Complex chemical processes underlie many important technologies, including combustion, propulsion, hydrocracking, fracking, chemical vapor deposition, atomic layer deposition, and reactive etching. Energy and environmental sustainability demands that we develop much more efficient processes with minimal energy cost and environmental impact. But the reactions taking place in these systems are far too complex to follow the details experimentally (1). Thus, the kinetics is usually greatly oversimplified in terms of straightforward reactive schemes that involve only a few of the reaction intermediates. Systems are often described using simple models with adjustable empirical parameters to characterize the coupling between temperature, overall reaction energetics, and time dependence of the energy release. This makes it difficult to connect real-world performance to the actual molecular species involved, and it is not necessarily clear what changes to make to the system to further optimize reaction conditions, fuels and oxidizers, and engine design to maximize power and efficiency while minimizing environmental impact. The necessary level of information usually cannot be obtained experimentally except maybe under very dilute conditions. Thus, another approach is needed.

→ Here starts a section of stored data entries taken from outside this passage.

(* Let $d\ge2$ and let $\ell=\overline{xy}$ be a critical leaf of a sibling $\sigma_d$-invariant lamination $\mathcal L$ such that $x$ is periodic under $\sigma_d$. Then $\ell$ is isolated in $\mathcal L$ (it is not a Hausdorff limit of other leaves of $\mathcal L$).
   Context: $\mathbb S$ is the unit circle, $\sigma_d(z)=z^d$. A chord $\overline{ab}$ joins $a,b\in\mathbb S$; distinct chords cross if they meet in the open unit disk; a chord is critical if $a\ne b$ and $\sigma_d(a)=\sigma_d(b)$. A lamination is a family of pairwise non-crossing chords (leaves) containing all points of $\mathbb S$, whose union is closed. It is sibling $\sigma_d$-invariant if (1) images of leaves are leaves; (2) every leaf is the image of some leaf; (3) for every non-critical leaf $\ell$ there exist $d$ pairwise disjoint leaves $\ell_1=\ell,\dots,\ell_d$ with equal $\sigma_d$-images. *)

theory Defs
  imports "HOL-Analysis.Analysis"
begin

abbreviation circle :: "complex set" where "circle \<equiv> sphere 0 1"

definition sigma :: "nat \<Rightarrow> complex \<Rightarrow> complex" where
  "sigma d z = z ^ d"

text \<open>A chord is represented by its set of endpoints {a,b} (a = b allowed:
  degenerate chord = point of the circle). Geometrically it is the convex hull
  of its endpoints, i.e. the closed segment.\<close>
definition is_chord :: "complex set \<Rightarrow> bool" where
  "is_chord l \<longleftrightarrow> (\<exists>a b. a \<in> circle \<and> b \<in> circle \<and> l = {a, b})"

definition chord_seg :: "complex set \<Rightarrow> complex set" where
  "chord_seg l = convex hull l"

definition crossing :: "complex set \<Rightarrow> complex set \<Rightarrow> bool" where
  "crossing l m \<longleftrightarrow> l \<noteq> m \<and> chord_seg l \<inter> chord_seg m \<inter> ball 0 1 \<noteq> {}"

We propose a paradigm, RMD2Kin (reactive molecular dynamics to kinetics), to describe computationally all of the details of the reaction kinetics, including rates, energetics, and mechanisms and to link macroscopic evolution of a chemical system to reaction details at the molecular scale that ultimately controls performance. We start by developing a reactive force field that provides the accuracy of first-principles quantum mechanics in describing the interatomic interactions of the reactive species in two-body calculations to enable reactive molecular dynamics (RMD) simulations at a fraction of the computational cost of QM. In the example here we used the reactive force field (ReaxFF) developed over the last 15 years to provide nearly the accuracy of QM. Using ReaxFF (denoted ReaxMD2Kin for ReaxFF molecular dynamics to kinetics), we report very detailed analysis of the system at the scale of 10 nm to understand the kinetics and mechanisms. We then extract analytic rate constant expressions that could be used in continuum simulations to describe phenomena at the 0.1–10-μm scales and could be averaged again to describe the system at the millimeter to centimeter scales found in the real world, e.g., in an engine. The atomistic simulations at the heart of this procedure may involve thousands to millions of atoms, depending on density, which would be impractical to describe solely with first-principles QM. We thus start with ReaxFF to mimic QM accuracy at the smallest two-body scale, so that the averaging for all higher scales is based on this QM starting point. This links the macroscopic performance of a particular system to individual reactions and permits testing a wide variety of systems to predict and optimize new formulations before experiment. This would allow synthesis and experiment to focus on the best possible systems, which could dramatically accelerate improvements in performance (2–19).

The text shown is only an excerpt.